Inigo’s private vault didn’t contain much. An old wooden chest, which a quick fieldscan revealed contained clothes along with a lot of infusers loaded with various semi-legal sensory booster drugs, and some old-style memory kubes. The confluence nest sat in the middle of the room, a plain burnished aluminium cylinder a metre and a half high, and sixty centimetres in diameter.

‘Are you going to cut that open as well?’ Nigel asked.

‘No.’ Her u-shadow broke the service lock, and the top of the cylinder rose up silently.

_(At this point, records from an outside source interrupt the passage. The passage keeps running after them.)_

text \<open>If all factors had the same average \<open>c\<close>, the averages along \<open>p\<close> would tend to the
  rational number \<open>c\<close>.\<close>
lemma factor_averages_not_constant:
  assumes lim: "(\<lambda>n. prefix_sum w n / real n) \<longlonglongrightarrow> \<alpha>" and "\<alpha> \<notin> \<rat>"
    and p: "strict_mono p" "0 < p 0"
  shows "\<exists>j. factor_sum w p j / factor_len p j \<noteq> factor_sum w p 0 / factor_len p 0"
proof (rule ccontr)
  assume const_avg: "\<not> ?thesis"
  define c where "c = factor_sum w p 0 / factor_len p 0"
  have factor: "factor_sum w p j = c * factor_len p j" for j
  proof -
    have "factor_sum w p j / factor_len p j = c" using const_avg by (simp add: c_def)
    then show ?thesis using factor_len_pos[OF p(1), of j] by (simp add: field_simps)
  qed
  define P0 where "P0 = prefix_sum w (p 0)"
  have prefix: "prefix_sum w (p k) = P0 + c * (real (p k) - real (p 0))" for k
  proof (induction k)
    case (Suc k)
    then show ?case using factor[of k] by (simp add: factor_sum_def factor_len_def algebra_simps)
  qed (simp add: P0_def)
  have p_at_top: "filterlim (\<lambda>k. real (p k)) at_top sequentially"
    using filterlim_compose[OF filterlim_real_sequentially filterlim_subseq[OF p(1)]] by (simp add: o_def)
  have "(\<lambda>k. c + (P0 - c * real (p 0)) / real (p k)) \<longlonglongrightarrow> c + 0"
    by (intro tendsto_add tendsto_const tendsto_divide_0[OF tendsto_const]
        filterlim_at_top_imp_at_infinity[OF p_at_top])
  moreover have "c + (P0 - c * real (p 0)) / real (p k) = prefix_sum w (p k) / real (p k)" for k
  proof -
    have "0 < p k" using p by (metis le0 less_le_trans strict_mono_less_eq)
    then show ?thesis by (simp add: prefix field_simps)
  qed
  moreover have "(\<lambda>k. prefix_sum w (p k) / real (p k)) \<longlonglongrightarrow> \<alpha>"
    using LIMSEQ_subseq_LIMSEQ[OF lim p(1)] by (simp add: o_def)
  ultimately have "\<alpha> = c" using LIMSEQ_unique by fastforce
  moreover have "c \<in> \<rat>"
    unfolding c_def factor_sum_def factor_len_def by (intro Rats_divide Rats_diff prefix_sum_rat Rats_of_nat)
  ultimately show False using \<open>\<alpha> \<notin> \<rat>\<close> by simp
qed

lemma mediant_iterate_le:
  fixes P N s l a :: real
  assumes "0 < l" "s / l < a"
  shows "\<exists>k>0. P + real k * s \<le> a * (N + real k * l)"
proof -
  have d: "0 < a * l - s" using assms by (simp add: pos_divide_less_eq)
  obtain n :: nat where "(P - a * N) / (a * l - s) < real n" using reals_Archimedean2 by blast
  then have "P - a * N < real n * (a * l - s)" using d by (simp add: pos_divide_less_eq)
  also have "\<dots> \<le> real (Suc n) * (a * l - s)" using d by (intro mult_right_mono) auto
  finally have "P + real (Suc n) * s \<le> a * (N + real (Suc n) * l)"
    by (simp add: algebra_simps)
  then show ?thesis by (intro exI[of _ "Suc n"]) simp
qed

lemma mediant_iterate_ge:
  fixes P N s l b :: real
  assumes "0 < l" "b < s / l"
  shows "\<exists>k>0. b * (N + real k * l) \<le> P + real k * s"
proof -
  have "- s / l < - b" using assms(2) by simp
  then obtain k where "0 < k" "- P + real k * - s \<le> - b * (N + real k * l)"
    using mediant_iterate_le[OF assms(1)] by blast
  moreover from this(2) have "b * (N + real k * l) \<le> P + real k * s" by linarith
  ultimately show ?thesis by blast
qed

lemma frequently_sequentially_Suc:
  "(\<exists>\<^sub>F n in sequentially. P (Suc n)) \<longleftrightarrow> (\<exists>\<^sub>F n in sequentially. P n)"
  unfolding frequently_def using eventually_sequentially_Suc[of "\<lambda>n. \<not> P n"] by simp

lemma frequently_switch:
  assumes "\<exists>\<^sub>F n in sequentially. P n" "\<exists>\<^sub>F n in sequentially. \<not> P n"
  shows "\<exists>\<^sub>F n in sequentially. P n \<and> \<not> P (Suc n)"
  unfolding frequently_sequentially
proof
  fix N
  obtain n1 where "N \<le> n1" "P n1" using assms(1) unfolding frequently_sequentially by blast
  obtain n2 where "n1 \<le> n2" "\<not> P n2" using assms(2) unfolding frequently_sequentially by blast
  then have "\<exists>n\<ge>n1. P n \<and> \<not> P (Suc n)"
  proof (induction n2 rule: dec_induct)
    case base
    then show ?case using \<open>P n1\<close> by simp
  next
    case (step m)
    then show ?case by (cases "P m") auto
  qed
  with \<open>N \<le> n1\<close> show "\<exists>n\<ge>N. P n \<and> \<not> P (Suc n)" by (meson order.trans)
qed

lemma greedy_choice_exists:
  fixes s l :: "bool \<Rightarrow> real" and S L a b :: real
  defines "ratio choice n \<equiv> (S + (\<Sum>m<n. s (choice m))) / (L + (\<Sum>m<n. l (choice m)))"
  shows "\<exists>choice. \<forall>n. choice (Suc n) =
    (if choice n then a < ratio choice (Suc n) else b \<le> ratio choice (Suc n))"
proof -
  define step :: "real \<times> real \<times> bool \<Rightarrow> real \<times> real \<times> bool" where
    "step = (\<lambda>(P, N, x). (P + s x, N + l x,
       if x then a < (P + s x) / (N + l x) else b \<le> (P + s x) / (N + l x)))"
  define st where "st n = (step ^^ n) (S, L, True)" for n
  define choice where "choice n = snd (snd (st n))" for n
  have st_Suc: "st (Suc n) = step (st n)" for n by (simp add: st_def)
  have st: "st n = (S + (\<Sum>m<n. s (choice m)), L + (\<Sum>m<n. l (choice m)), choice n)" for n
  proof (induction n)
    case 0
    then show ?case by (simp add: st_def choice_def)
  next
    case (Suc n)
    have "fst (st (Suc n)) = S + (\<Sum>m<Suc n. s (choice m))"
      "fst (snd (st (Suc n))) = L + (\<Sum>m<Suc n. l (choice m))"
      using Suc by (simp_all add: st_Suc step_def)
    then show ?case unfolding choice_def[of "Suc n"] by (metis prod.collapse)
  qed
  have "choice (Suc n) = (if choice n then a < ratio choice (Suc n) else b \<le> ratio choice (Suc n))" for n
  proof -
    have "choice (Suc n) = snd (snd (step (fst (st n), fst (snd (st n)), choice n)))"
      unfolding choice_def[of "Suc n"] st_Suc st[of n] by simp
    then show ?thesis by (simp add: st step_def ratio_def add.assoc)
  qed
  then show ?thesis by blast
qed

text \<open>Greedy alternation: repeat the low-average move while the running ratio exceeds \<open>a\<close>,
  and the high-average move while it is below \<open>b\<close>; neither phase can last forever.\<close>
lemma oscillating_choice:
  fixes s l :: "bool \<Rightarrow> real" and S L a b :: real
  assumes "0 < l True" "0 < l False" "0 < L" "s True / l True < a" "b < s False / l False"
  defines "ratio choice n \<equiv> (S + (\<Sum>m<n. s (choice m))) / (L + (\<Sum>m<n. l (choice m)))"
  shows "\<exists>choice. (\<exists>\<^sub>F n in sequentially. ratio choice n \<le> a) \<and> (\<exists>\<^sub>F n in sequentially. b \<le> ratio choice n)"
proof -
  obtain choice where choice_Suc:
    "\<And>n. choice (Suc n) = (if choice n then a < ratio choice (Suc n) else b \<le> ratio choice (Suc n))"
    using greedy_choice_exists[where S=S and s=s and L=L and l=l and a=a and b=b] unfolding ratio_def by blast
  define P where "P n = S + (\<Sum>m<n. s (choice m))" for n
  define N where "N n = L + (\<Sum>m<n. l (choice m))" for n
  have ratio_PN: "ratio choice n = P n / N n" for n by (simp add: ratio_def P_def N_def)
  have N_pos: "0 < N n" for n
  proof -
    have "0 < l x" for x using assms(1,2) by (cases x) simp_all
    then show ?thesis unfolding N_def using assms(3) by (intro add_pos_nonneg sum_nonneg) (simp_all add: less_imp_le)
  qed
  have constant_run: "P (n0 + k) = P n0 + real k * s x \<and> N (n0 + k) = N n0 + real k * l x"
    if "\<forall>n\<ge>n0. choice n = x" for n0 k x
    using that by (induction k) (simp_all add: P_def N_def algebra_simps)
  have "\<not> (\<forall>n\<ge>n0. choice n = True)" for n0
  proof
    assume low: "\<forall>n\<ge>n0. choice n = True"
    obtain k where "0 < k" "P n0 + real k * s True \<le> a * (N n0 + real k * l True)"
      using mediant_iterate_le[OF assms(1,4)] by blast
    then have "ratio choice (n0 + k) \<le> a"
      using constant_run[OF low] N_pos[of "n0 + k"] by (simp add: ratio_PN pos_divide_le_eq)
    then show False using choice_Suc[of "n0 + k - 1"] low \<open>0 < k\<close> by simp
  qed
  then have freq_high: "\<exists>\<^sub>F n in sequentially. \<not> choice n" by (simp add: frequently_sequentially)
  have "\<not> (\<forall>n\<ge>n0. choice n = False)" for n0
  proof
    assume high: "\<forall>n\<ge>n0. choice n = False"
    obtain k where "0 < k" "b * (N n0 + real k * l False) \<le> P n0 + real k * s False"
      using mediant_iterate_ge[OF assms(2,5)] by blast
    then have "b \<le> ratio choice (n0 + k)"
      using constant_run[OF high] N_pos[of "n0 + k"] by (simp add: ratio_PN pos_le_divide_eq)
    then show False using choice_Suc[of "n0 + k - 1"] high \<open>0 < k\<close> by simp
  qed
  then have freq_low: "\<exists>\<^sub>F n in sequentially. choice n" by (simp add: frequently_sequentially)
  have "\<exists>\<^sub>F n in sequentially. ratio choice (Suc n) \<le> a"
    using frequently_switch[OF freq_low freq_high] by (rule frequently_elim1) (auto simp: choice_Suc not_less)
  moreover have "\<exists>\<^sub>F n in sequentially. b \<le> ratio choice (Suc n)"
  proof -
    have "\<exists>\<^sub>F n in sequentially. \<not> choice n \<and> choice (Suc n)"
      using frequently_switch[of "\<lambda>n. \<not> choice n"] freq_low freq_high by simp
    then show ?thesis by (rule frequently_elim1) (auto simp: choice_Suc)
  qed
  ultimately show ?thesis
    using frequently_sequentially_Suc[of "\<lambda>n. ratio choice n \<le> a"]
      frequently_sequentially_Suc[of "\<lambda>n. b \<le> ratio choice n"] by blast
qed

lemma Liminf_le_if_frequently:
  fixes X :: "nat \<Rightarrow> 'a::complete_linorder"
  assumes "\<exists>\<^sub>F n in sequentially. X n \<le> a"
  shows "liminf X \<le> a"
proof (rule ccontr)
  assume "\<not> liminf X \<le> a"
  then have "\<forall>\<^sub>F n in sequentially. a < X n"
    using le_Liminf_iff[of "liminf X" sequentially X] by (simp add: not_le)
  then show False using assms by (simp add: frequently_def not_le)
qed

The confluence nest was mostly biotech, consisting of eight long segments like desiccated muscle tissue connected with a tangle of small tubes and fibres. Its routines remained closed to every stimulus Paula directed at it from her gaiamotes. So she took the syphon from her satchel. It looked like a liver, with a slick glistening dark-red surface that pulsated slowly. She stuck it on one of the nest’s segments. Its cells began to bond with the artificial neurones of the nest segment, leaching out the contents directly.